Through its many temperaments, shades of experimentation lean mostly towards a Noir Jazz flavor with relaxed, indulgent tones that get a little summery here and somewhat darkly there. Often with a slight psychedelic, dream like tone, the music memorizes with its laid back approach rubbing of the punching groove of snare and base kick. Its all atypical yet has this character I can't quite put the finger on.

My thoughts are rather similar on each outing with this artist who has figured out there form. These beats need a voice to elevate them too the next level. A progressive or fluid motif is missing to have them work solely as instrumentals. Although very enjoyable they feel as if the right rapper could work wonders over them. Not Enough Crime, a favorite track of mine, the perfect framework for some verses and a hook to further the already animated instrumental. Overall, its a great little gem to enjoy.

Rating: 7/10

Saturday 23 January 2021

The Crystal Method "Tweekend" (2001)

Four years on from their debut record Vegas, The Crystal Method return during the decline of Big Beat's popularity with a sound somewhat on a similar trajectory to that of Fatboy Slim. Tweekend strides towards the Electronic music scenes of the time with an emphasis on virtual instruments and rock grooves above the bombast of big drum samples, which still have an edge. With plenty of lengthy cuts over six minutes and nothing to ambitious in the way of progressive songwriting, the record serves as a decent mood setter, lively and energetic but not demanding too much of the listener.
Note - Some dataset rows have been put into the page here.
(* Let $p,q,l,N\in\mathbb{Z}_{\geq 0}$, $s=p+q$, and let $M=(M_1,\dots,M_s)\in\mathrm{Sym}_N^{p}\times\mathrm{Alt}_N^{q}$. Suppose there is a subspace $V\subseteq\mathbb{C}^N$ of dimension $2^sl$ such that $M_1V+\dots+M_sV$ has dimension $s2^sl$. Then the Zariski closure of the orbit $\{(gM_1g^T,\dots,gM_sg^T):g\in\mathrm{GL}_N(\mathbb{C})\}$ contains a tuple $(M'_1,\dots,M'_s)\in\mathrm{Sym}_N^{p}\times\mathrm{Alt}_N^{q}$ such that for each $i$: (a) all entries $(M'_i)_{j,k}$ with $j,k>l$ are zero, and (b) the $N\times l$ matrix formed by the first $l$ columns of $M'_i$ has, in blocks of $l$ rows followed by a final block of $N-(s+1)l$ rows, first block $0_{l\times l}$, $(i+1)$-st block $\mathrm{Id}_l$, and all other blocks zero.
   Context: $\mathrm{Sym}_N$ and $\mathrm{Alt}_N$ denote the spaces of symmetric, respectively skew-symmetric, complex $N\times N$ matrices; the first $p$ entries of a tuple are symmetric and the last $q$ are skew-symmetric. (Entries of $M'_i$ in the first $l$ rows are then determined by (b) and (skew-)symmetry.) *)

theory Defs
  imports "Jordan_Normal_Form.VS_Connect"
begin

inductive_set polyfun :: "('a \<Rightarrow> 'v \<Rightarrow> complex) \<Rightarrow> 'v set \<Rightarrow> ('a \<Rightarrow> complex) set"
  for coord :: "'a \<Rightarrow> 'v \<Rightarrow> complex" and vars :: "'v set" where
  const: "(\<lambda>_. c) \<in> polyfun coord vars"
| var: "v \<in> vars \<Longrightarrow> (\<lambda>x. coord x v) \<in> polyfun coord vars"
| add: "f \<in> polyfun coord vars \<Longrightarrow> g \<in> polyfun coord vars \<Longrightarrow> (\<lambda>x. f x + g x) \<in> polyfun coord vars"
| mult: "f \<in> polyfun coord vars \<Longrightarrow> g \<in> polyfun coord vars \<Longrightarrow> (\<lambda>x. f x * g x) \<in> polyfun coord vars"

text \<open>Zariski closure of S inside the affine space X (X = all points whose coordinates
  are given by coord on vars).\<close>
definition zariski_closure ::
  "('a \<Rightarrow> 'v \<Rightarrow> complex) \<Rightarrow> 'v set \<Rightarrow> 'a set \<Rightarrow> 'a set \<Rightarrow> 'a set" where
  "zariski_closure coord vars X S =
     {x \<in> X. \<forall>f \<in> polyfun coord vars. (\<forall>y \<in> S. f y = 0) \<longrightarrow> f x = 0}"

definition tuple_space :: "nat \<Rightarrow> nat \<Rightarrow> complex mat list set" where
  "tuple_space s N = {Ms. length Ms = s \<and> (\<forall>i<s. Ms ! i \<in> carrier_mat N N)}"
(* In the setting below, suppose $p,q\geq5$. Then for all distinct $i,j,k\in\mathbb Z/N\mathbb Z$ we have $P_{ij}\subset P^+_{jk}$ and $Q_{ij}\subset Q^+_{jk}$.
   Context: Setting: $p,q$ distinct primes, $N=p+q$; $M=(m_{ik})_{i,k\in\mathbb Z/N\mathbb Z}$ has entries in $\mathbb Z/pq\mathbb Z$ and $(e^{2\pi i\,m_{ik}/pq})$ is a complex Hadamard matrix (unimodular entries, orthogonal rows). $L_i(k)=m_{ik}$, $L_{ij}=L_j-L_i$. For $d\mid pq$, $d(\mathbb Z/pq\mathbb Z)$ is the subgroup of multiples of $d$. For distinct $i,j$ there is a partition $\mathbb Z/N\mathbb Z=P_{ij}\sqcup Q_{ij}\sqcup R_{ij}$ and $r\in\mathbb Z/pq\mathbb Z$ with: $\#R_{ij}=2$ and $L_{ij}\equiv r$ on $R_{ij}$; $\#P_{ij}=p-1$ and $L_{ij}(P_{ij})=(r+q(\mathbb Z/pq\mathbb Z))\setminus\{r\}$; $\#Q_{ij}=q-1$ and $L_{ij}(Q_{ij})=(r+p(\mathbb Z/pq\mathbb Z))\setminus\{r\}$. This partition is unique ($R_{ij}$ is the pair of indices where $L_{ij}$ takes its unique repeated value). Put $P^+_{ij}=P_{ij}\cup R_{ij}$, $Q^+_{ij}=Q_{ij}\cup R_{ij}$. *)

theory Defs
  imports Complex_Main "HOL-Number_Theory.Cong"
begin

text \<open>Indices of Z/NZ are represented by {..<N}; entries of Z/pqZ by integers,
  always compared modulo p*q.  A matrix is m :: nat => nat => int.\<close>

definition hadamard_exp :: "nat \<Rightarrow> nat \<Rightarrow> (nat \<Rightarrow> nat \<Rightarrow> int) \<Rightarrow> bool" where
  "hadamard_exp n N m \<longleftrightarrow>
     (\<forall>i<N. \<forall>i'<N. i \<noteq> i' \<longrightarrow>
        (\<Sum>k<N. cis (2 * pi * real_of_int (m i k) / real n) *
                 cnj (cis (2 * pi * real_of_int (m i' k) / real n))) = 0)"

definition Ldiff :: "(nat \<Rightarrow> nat \<Rightarrow> int) \<Rightarrow> nat \<Rightarrow> nat \<Rightarrow> nat \<Rightarrow> int" where
  "Ldiff m i j k = m j k - m i k"

definition Rset :: "nat \<Rightarrow> nat \<Rightarrow> nat \<Rightarrow> (nat \<Rightarrow> nat \<Rightarrow> int) \<Rightarrow> nat \<Rightarrow> nat \<Rightarrow> nat set" where
  "Rset p q N m i j = {k. k < N \<and> (\<exists>k'<N. k' \<noteq> k \<and>
       [Ldiff m i j k' = Ldiff m i j k] (mod int (p * q)))}"

definition Pset :: "nat \<Rightarrow> nat \<Rightarrow> nat \<Rightarrow> (nat \<Rightarrow> nat \<Rightarrow> int) \<Rightarrow> nat \<Rightarrow> nat \<Rightarrow> nat set" where
  "Pset p q N m i j = {k. k < N \<and> k \<notin> Rset p q N m i j \<and>
       (\<exists>k'\<in>Rset p q N m i j. [Ldiff m i j k = Ldiff m i j k'] (mod int q))}"

definition Qset :: "nat \<Rightarrow> nat \<Rightarrow> nat \<Rightarrow> (nat \<Rightarrow> nat \<Rightarrow> int) \<Rightarrow> nat \<Rightarrow> nat \<Rightarrow> nat set" where
  "Qset p q N m i j = {k. k < N \<and> k \<notin> Rset p q N m i j \<and>
       (\<exists>k'\<in>Rset p q N m i j. [Ldiff m i j k = Ldiff m i j k'] (mod int p))}"

definition Pplus where "Pplus p q N m i j = Pset p q N m i j \<union> Rset p q N m i j"
definition Qplus where "Qplus p q N m i j = Qset p q N m i j \<union> Rset p q N m i j"

end

theory Submission
  imports Defs "HOL-Computational_Algebra.Polynomial" "HOL-Computational_Algebra.Primes"
begin

text \<open>For \<open>a \<noteq> b\<close> the values \<open>x = L\<^sub>a\<^sub>b\<close> form a vanishing sum of \<open>p + q\<close> roots of unity of
  order \<open>pq\<close>. By Dedekind's argument every Galois conjugate of such a sum vanishes too, and
  averaging over the conjugates with Ramanujan sums gives, for every residue \<open>b\<close>,
  \<open>pq\<cdot>#{x \<equiv> b (pq)} + p + q = p\<cdot>#{x \<equiv> b (p)} + q\<cdot>#{x \<equiv> b (q)}\<close>.
  Counting then shows that the values fill exactly one coset \<open>s + p\<int>\<close> and one coset
  \<open>t + q\<int>\<close> of \<open>\<int>/pq\<close>, meeting in the single repeated value; so \<open>P\<^sup>+\<close> is \<open>{x \<equiv> t (q)}\<close>
  and \<open>Q\<^sup>+\<close> is \<open>{x \<equiv> s (p)}\<close>. The sum of the values is \<open>qs\<close> mod \<open>p\<close> and \<open>pt\<close> mod \<open>q\<close>, so
  \<open>L\<^sub>i\<^sub>k = L\<^sub>i\<^sub>j + L\<^sub>j\<^sub>k\<close> makes \<open>s\<close> and \<open>t\<close> additive, and the inclusions follow by
  comparing residues index by index.\<close>

section \<open>Integer polynomials at roots of unity\<close>

definition ipoly :: "int poly \<Rightarrow> complex \<Rightarrow> complex" where
  "ipoly A z = poly (map_poly of_int A) z"
(* Let $L\ge2$ and let $[0,1]^2=S_0\supset S_1\supset\cdots$ be such that each $S_n$ is the union of $L^n$ squares of $\mathcal{D}_n$, one from each column; let $\mathcal{S}_n=\{Q\in\mathcal{D}_n:Q\subset S_n\}$. Define \[ f_{n,\theta}(t)=\#\{Q\in\mathcal{S}_n:\ell(\theta,t)\cap Q\neq\varnothing\},\qquad \Theta_k=\{\theta\in[0,\pi/2]:\tan\theta\in[L^k,L^{k+1}]\}. \] Then there is a constant $C$ depending only on $L$ such that \[ \int_{\Theta_k}\|f_{n,\theta}\|_{L^2(\mathbb{R})}^2\,d\theta\le C\,\frac{n}{L^{2k}}\qquad\text{for all } k=1,\dots,\lfloor\log_Ln\rfloor . \]
   Context: $\mathcal{D}_n$ is the set of closed squares obtained by dividing $[0,1]^2$ into an $L^n\times L^n$ grid. $\operatorname{proj}_\theta(x)=\langle x,(-\sin\theta,\cos\theta)\rangle$ and $\ell(\theta,t)=\operatorname{proj}_\theta^{-1}(t)$, the line with direction $(\cos\theta,\sin\theta)$ through $t(-\sin\theta,\cos\theta)$. *)

theory Defs
  imports "HOL-Analysis.Analysis"
begin

definition grid_sq :: "nat \<Rightarrow> nat \<Rightarrow> nat \<Rightarrow> nat \<Rightarrow> (real \<times> real) set" where
  "grid_sq L n i j =
     {real i / real L ^ n .. real (i + 1) / real L ^ n} \<times>
     {real j / real L ^ n .. real (j + 1) / real L ^ n}"

definition grid :: "nat \<Rightarrow> nat \<Rightarrow> (real \<times> real) set set" where
  "grid L n = {grid_sq L n i j | i j. i < L ^ n \<and> j < L ^ n}"

definition proj :: "real \<Rightarrow> real \<times> real \<Rightarrow> real" where
  "proj \<theta> x = x \<bullet> (- sin \<theta>, cos \<theta>)"

definition line :: "real \<Rightarrow> real \<Rightarrow> (real \<times> real) set" where
  "line \<theta> t = proj \<theta> -` {t}"
(* Let $\Omega,\Omega^*$ be compact metric spaces, $c\in C(\Omega\times\Omega^* )$, and $\nu$ a Borel probability measure on $\Omega^*$. Define $K_0\colon C(\Omega)\to\mathbb R$ by $K_0(\phi)=\int_{\Omega^*}\phi^c\,d\nu$. Then $K_0$ is submodular, convex, and $1$-Lipschitz with respect to the supremum norm.
   Context: For $\phi\in C(\Omega)$, the $c$-transform is $\phi^c(y)=\sup_{x\in\Omega}\phi(x)-c(x,y)$ for $y\in\Omega^*$. Submodular means $K_0(\phi_1\wedge\phi_2)+K_0(\phi_1\vee\phi_2)\leq K_0(\phi_1)+K_0(\phi_2)$ for all $\phi_1,\phi_2\in C(\Omega)$, with $\wedge,\vee$ the pointwise min and max. *)

theory Defs
  imports "HOL-Analysis.Analysis" "HOL-Probability.Probability"
begin

definition c_transform :: "('a \<Rightarrow> 'b \<Rightarrow> real) \<Rightarrow> 'a set \<Rightarrow> ('a \<Rightarrow> real) \<Rightarrow> 'b \<Rightarrow> real" where
  "c_transform c \<Omega> \<phi> y = (SUP x\<in>\<Omega>. \<phi> x - c x y)"

definition K0 :: "('a \<Rightarrow> 'b \<Rightarrow> real) \<Rightarrow> 'a set \<Rightarrow> 'b measure \<Rightarrow> ('a \<Rightarrow> real) \<Rightarrow> real" where
  "K0 c \<Omega> \<nu> \<phi> = integral\<^sup>L \<nu> (c_transform c \<Omega> \<phi>)"

definition sup_norm_on :: "'a set \<Rightarrow> ('a \<Rightarrow> real) \<Rightarrow> real" where
  "sup_norm_on \<Omega> f = (SUP x\<in>\<Omega>. \<bar>f x\<bar>)"

end

theory Submission
  imports Defs
begin

text \<open>Everything follows from pointwise estimates for the c-transform, which are integrated
against \<open>\<nu>\<close>. Being a supremum of functions \<open>\<phi> x - c x y\<close> that depend monotonically and affinely
on \<open>\<phi>\<close>, the c-transform is monotone, convex and commutes with adding constants; this gives
convexity and the Lipschitz bound, and \<open>\<phi>\<^sup>c(min) \<le> min(\<phi>\<^sub>1\<^sup>c, \<phi>\<^sub>2\<^sup>c)\<close>, \<open>\<phi>\<^sup>c(max) \<le> max(\<phi>\<^sub>1\<^sup>c, \<phi>\<^sub>2\<^sup>c)\<close>
gives submodularity. Compactness and uniform continuity of \<open>c\<close> make \<open>\<phi>\<^sup>c\<close> continuous, hence
integrable.\<close>

lemma c_transform_upper:
  assumes "bdd_above ((\<lambda>x. \<phi> x - c x y) ` \<Omega>)" and "x \<in> \<Omega>"
  shows "\<phi> x - c x y \<le> c_transform c \<Omega> \<phi> y"
  unfolding c_transform_def using assms by (rule cSUP_upper2) auto

lemma c_transform_least:
  assumes "\<Omega> \<noteq> {}" and "\<And>x. x \<in> \<Omega> \<Longrightarrow> \<phi> x - c x y \<le> B"
  shows "c_transform c \<Omega> \<phi> y \<le> B"
  unfolding c_transform_def using assms by (intro cSUP_least) auto

lemma c_transform_le_shift:
  assumes "\<Omega> \<noteq> {}" and "bdd_above ((\<lambda>x. \<psi> x - c x y') ` \<Omega>)"
    and "\<And>x. x \<in> \<Omega> \<Longrightarrow> \<phi> x - c x y \<le> \<psi> x - c x y' + a"
  shows "c_transform c \<Omega> \<phi> y \<le> c_transform c \<Omega> \<psi> y' + a"
proof (rule c_transform_least[OF assms(1)])
  fix x assume "x \<in> \<Omega>"
  with assms(3) c_transform_upper[where \<phi> = \<psi> and c = c and y = y', OF assms(2)]
  show "\<phi> x - c x y \<le> c_transform c \<Omega> \<psi> y' + a" by fastforce
qed
lemma card_le_Suc_card_spanning_tree:
  assumes "is_spanning_tree P T" "finite P"
  shows "card P \<le> card T + 1"
proof (cases "P = {}")
  case False
  then obtain p where "p \<in> P" by blast
  then have "\<forall>q\<in>P. \<exists>r\<in>{p}. joined T q r"
    using spanning_tree_connects[OF assms(1)] unfolding connects_def by simp
  with card_le_card_targets_plus_card_edges[OF finite_spanning_tree[OF assms]
      spanning_tree_subset[OF assms(1)], of "{p}"]
  show ?thesis by simp
qed simp

section \<open>Packings and the box-counting ratio\<close>

definition is_packing :: "'a::metric_space set \<Rightarrow> real \<Rightarrow> 'a set \<Rightarrow> bool" where
  "is_packing S \<epsilon> A \<longleftrightarrow> finite A \<and> A \<subseteq> S \<and> (\<forall>x\<in>A. \<forall>y\<in>A. x \<noteq> y \<longrightarrow> ball x \<epsilon> \<inter> ball y \<epsilon> = {})"

lemma packing_number_eq_SUP:
  "packing_number S \<epsilon> = (SUP A\<in>{A. is_packing S \<epsilon> A}. enat (card A))"
  unfolding packing_number_def is_packing_def by (simp only: setcompr_eq_image)

lemma card_le_packing_number: "is_packing S \<epsilon> A \<Longrightarrow> enat (card A) \<le> packing_number S \<epsilon>"
  unfolding packing_number_eq_SUP by (rule SUP_upper) simp

lemma packing_number_le_iff:
  "packing_number S \<epsilon> \<le> n \<longleftrightarrow> (\<forall>A. is_packing S \<epsilon> A \<longrightarrow> enat (card A) \<le> n)"
  unfolding packing_number_eq_SUP by (simp add: SUP_le_iff)

lemma is_packingI_dist:
  assumes "finite A" "A \<subseteq> S" "\<And>x y. x \<in> A \<Longrightarrow> y \<in> A \<Longrightarrow> x \<noteq> y \<Longrightarrow> 2 * \<epsilon> \<le> dist x y"
  shows "is_packing S \<epsilon> A"
  using assms unfolding is_packing_def by (smt (verit) disjoint_ballI)

lemma is_packing_dist_ge:
  assumes "is_packing S \<epsilon> A" "x \<in> A" "y \<in> A" "x \<noteq> y" "0 < \<epsilon>"
  shows "\<epsilon> \<le> dist x y"
proof (rule ccontr)
  assume "\<not> \<epsilon> \<le> dist x y"
  then have "x \<in> ball x \<epsilon> \<inter> ball y \<epsilon>" using \<open>0 < \<epsilon>\<close> by (simp add: dist_commute)
  with assms(1-4) show False unfolding is_packing_def by blast
qed

lemma packing_number_antimono:
  assumes "0 < \<epsilon>" "\<epsilon> \<le> \<epsilon>'"
  shows "packing_number S \<epsilon>' \<le> packing_number S \<epsilon>"
proof -
  have "is_packing S \<epsilon> A" if "is_packing S \<epsilon>' A" for A
    using that subset_ball[OF assms(2)] unfolding is_packing_def by blast
  then show ?thesis unfolding packing_number_le_iff using card_le_packing_number by blast
qed
lemma abs_diff_cube_avg_powr_le:
  fixes f :: "'a::euclidean_space \<Rightarrow> real"
  assumes p: "1 \<le> p" and f: "in_Lp p f" and h: "0 < h"
  shows "ennreal (\<bar>f x - cube_avg h f (grid_index h x)\<bar> powr p)
     \<le> ennreal (1 / measure lebesgue (grid_cube h (grid_index h x))) *
        (\<integral>\<^sup>+y\<in>grid_cube h (grid_index h x). ennreal (\<bar>f x - f y\<bar> powr p) \<partial>lebesgue)"
proof -
  define Q where "Q = grid_cube h (grid_index h x)"
  define \<mu> where "\<mu> = measure lebesgue Q"
  have Q: "Q \<in> sets lebesgue" "emeasure lebesgue Q < \<infinity>" "0 < \<mu>"
    using grid_cube_lmeasurable[OF h] measure_grid_cube_pos[OF h]
    unfolding Q_def \<mu>_def by (auto simp: fmeasurable_def)
  have fm[measurable]: "f \<in> borel_measurable lebesgue" using f unfolding in_Lp_def by blast
  have int_Qf: "integrable lebesgue (\<lambda>y. indicator Q y * f y)"
    by (rule in_Lp_integrable_on_finite_measure[OF p f Q(1,2)])
  have int_Q: "integrable lebesgue (indicator Q :: 'a \<Rightarrow> real)" using Q by simp
  have diff: "(\<lambda>y. indicator Q y * (f x - f y)) = (\<lambda>y. f x * indicator Q y - indicator Q y * f y)"
    by (auto simp: fun_eq_iff algebra_simps)
  have "(\<integral>y. indicator Q y * (f x - f y) \<partial>lebesgue) = f x * \<mu> - (\<integral>y. indicator Q y * f y \<partial>lebesgue)"
    unfolding diff using int_Q int_Qf Q by (simp add: \<mu>_def)
  then have avg: "(\<integral>y. indicator Q y * (f x - f y) \<partial>lebesgue) / \<mu> = f x - cube_avg h f (grid_index h x)"
    using Q(3) unfolding cube_avg_def Q_def[symmetric] \<mu>_def[symmetric] by (simp add: diff_divide_distrib)
  have "(\<lambda>y. f x - f y) \<in> borel_measurable lebesgue" by measurable
  moreover have "integrable lebesgue (\<lambda>y. indicator Q y * (f x - f y))"
    unfolding diff using int_Q int_Qf by simp
  ultimately have "ennreal (\<mu> * \<bar>(\<integral>y. indicator Q y * (f x - f y) \<partial>lebesgue) / \<mu>\<bar> powr p)
      \<le> (\<integral>\<^sup>+y\<in>Q. ennreal (\<bar>f x - f y\<bar> powr p) \<partial>lebesgue)"
    unfolding \<mu>_def by (rule abs_average_powr_le_set_nn_integral[OF p Q(1,2) Q(3)[unfolded \<mu>_def]])
  then have "ennreal (\<mu> * \<bar>f x - cube_avg h f (grid_index h x)\<bar> powr p)
      \<le> (\<integral>\<^sup>+y\<in>Q. ennreal (\<bar>f x - f y\<bar> powr p) \<partial>lebesgue)"
    unfolding avg .
  then have "ennreal (1 / \<mu>) * ennreal (\<mu> * \<bar>f x - cube_avg h f (grid_index h x)\<bar> powr p)
      \<le> ennreal (1 / \<mu>) * (\<integral>\<^sup>+y\<in>Q. ennreal (\<bar>f x - f y\<bar> powr p) \<partial>lebesgue)"
    by (rule mult_left_mono) simp
  then show ?thesis
    using Q(3) unfolding Q_def[symmetric] \<mu>_def[symmetric] by (simp add: ennreal_mult[symmetric])
qed

text \<open>Every y in the cube of x satisfies |x - y| < N h, where the kernel g dominates
  1 / (c |x - y| powr p).\<close>
lemma abs_diff_cube_avg_powr_le_difference_quotient:
  fixes f g :: "'a::euclidean_space \<Rightarrow> real"
  assumes p: "1 \<le> p" and f: "in_Lp p f" and g: "g \<in> borel_measurable lebesgue"
    and h: "0 < h" and c: "0 < c"
    and lower: "AE z in lebesgue. z \<in> ball 0 (real DIM('a) * h) \<longrightarrow> 1 / c \<le> g z / norm z powr p"
  shows "ennreal (\<bar>f x - cube_avg h f (grid_index h x)\<bar> powr p)
    \<le> ennreal (c / (unit_ball_vol DIM('a) * (h/2) ^ DIM('a))) *
       (\<integral>\<^sup>+y. ennreal (\<bar>f x - f y\<bar> powr p / norm (x - y) powr p * g (x - y)) \<partial>lebesgue)"
proof -
  define Q where "Q = grid_cube h (grid_index h x)"
  define \<mu> where "\<mu> = measure lebesgue Q"
  define \<omega> where "\<omega> = unit_ball_vol DIM('a) * (h/2) ^ DIM('a)"
  define G where "G y = ennreal (\<bar>f x - f y\<bar> powr p / norm (x - y) powr p * g (x - y))" for y
  have \<omega>: "0 < \<omega>" "\<omega> \<le> \<mu>"
    using h measure_grid_cube_ge[OF h, of x] unfolding \<omega>_def \<mu>_def Q_def by auto
  have fm: "f \<in> borel_measurable lebesgue" using f unfolding in_Lp_def by blast
  have "(\<integral>\<^sup>+y\<in>Q. ennreal (\<bar>f x - f y\<bar> powr p) \<partial>lebesgue) \<le> (\<integral>\<^sup>+y. ennreal c * G y \<partial>lebesgue)"
  proof (rule nn_integral_mono_AE)
    show "AE y in lebesgue. ennreal (\<bar>f x - f y\<bar> powr p) * indicator Q y \<le> ennreal c * G y"
      using AE_lebesgue_diff_left[OF lower, of x]
    proof eventually_elim
      case (elim y)
      show ?case
      proof (cases "y \<in> Q")
        case True
        then have "x - y \<in> ball 0 (real DIM('a) * h)"
          using norm_diff_less_grid_cube[OF h] unfolding Q_def by simp
        define q where "q = g (x - y) / norm (x - y) powr p"
        have "1 / c \<le> q" using elim \<open>x - y \<in> ball 0 (real DIM('a) * h)\<close> unfolding q_def by simp
        then have "1 \<le> c * q" using c by (simp add: divide_le_eq mult.commute)
        then have "\<bar>f x - f y\<bar> powr p * 1 \<le> \<bar>f x - f y\<bar> powr p * (c * q)"
          by (intro mult_left_mono) auto
        also have "\<dots> = c * (\<bar>f x - f y\<bar> powr p / norm (x - y) powr p * g (x - y))"
          unfolding q_def by simp
        finally show ?thesis
          using True c unfolding G_def by (simp add: ennreal_mult'[symmetric] ennreal_leI)
      qed simp
    qed
  qed
  also have "\<dots> = ennreal c * (\<integral>\<^sup>+y. G y \<partial>lebesgue)"
    unfolding G_def by (rule nn_integral_cmult[OF borel_measurable_difference_quotient[OF fm g]])
  finally have "ennreal (\<bar>f x - cube_avg h f (grid_index h x)\<bar> powr p)
      \<le> ennreal (1 / \<mu>) * (ennreal c * (\<integral>\<^sup>+y. G y \<partial>lebesgue))"
    using abs_diff_cube_avg_powr_le[OF p f h, of x] unfolding Q_def[symmetric] \<mu>_def[symmetric]
    by (meson mult_left_mono order_trans zero_le)
  also have "\<dots> \<le> ennreal (c / \<omega>) * (\<integral>\<^sup>+y. G y \<partial>lebesgue)"
  proof -
    have "c / \<mu> \<le> c / \<omega>" using c \<omega> by (intro divide_left_mono) auto
    then have "ennreal (1 / \<mu>) * ennreal c \<le> ennreal (c / \<omega>)"
      using c \<omega> by (simp add: ennreal_mult[symmetric] ennreal_leI)
    then show ?thesis by (simp add: mult.assoc[symmetric] mult_right_mono)
  qed
  finally show ?thesis unfolding \<omega>_def G_def .
qed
Each track tends to have a through line, a backbone that is always present as the arrangements shuffle around the complimenting sounds. There is a lot of them too, these songs are dense and layered with electronic instruments, percussive sounds and synths woven around the beat. The attention to detail holds up. These highly repetitive songs get fleshed out as its drum loops drone on with many instruments and samples taking focus as the lead, jumping back and forth from the limelight. 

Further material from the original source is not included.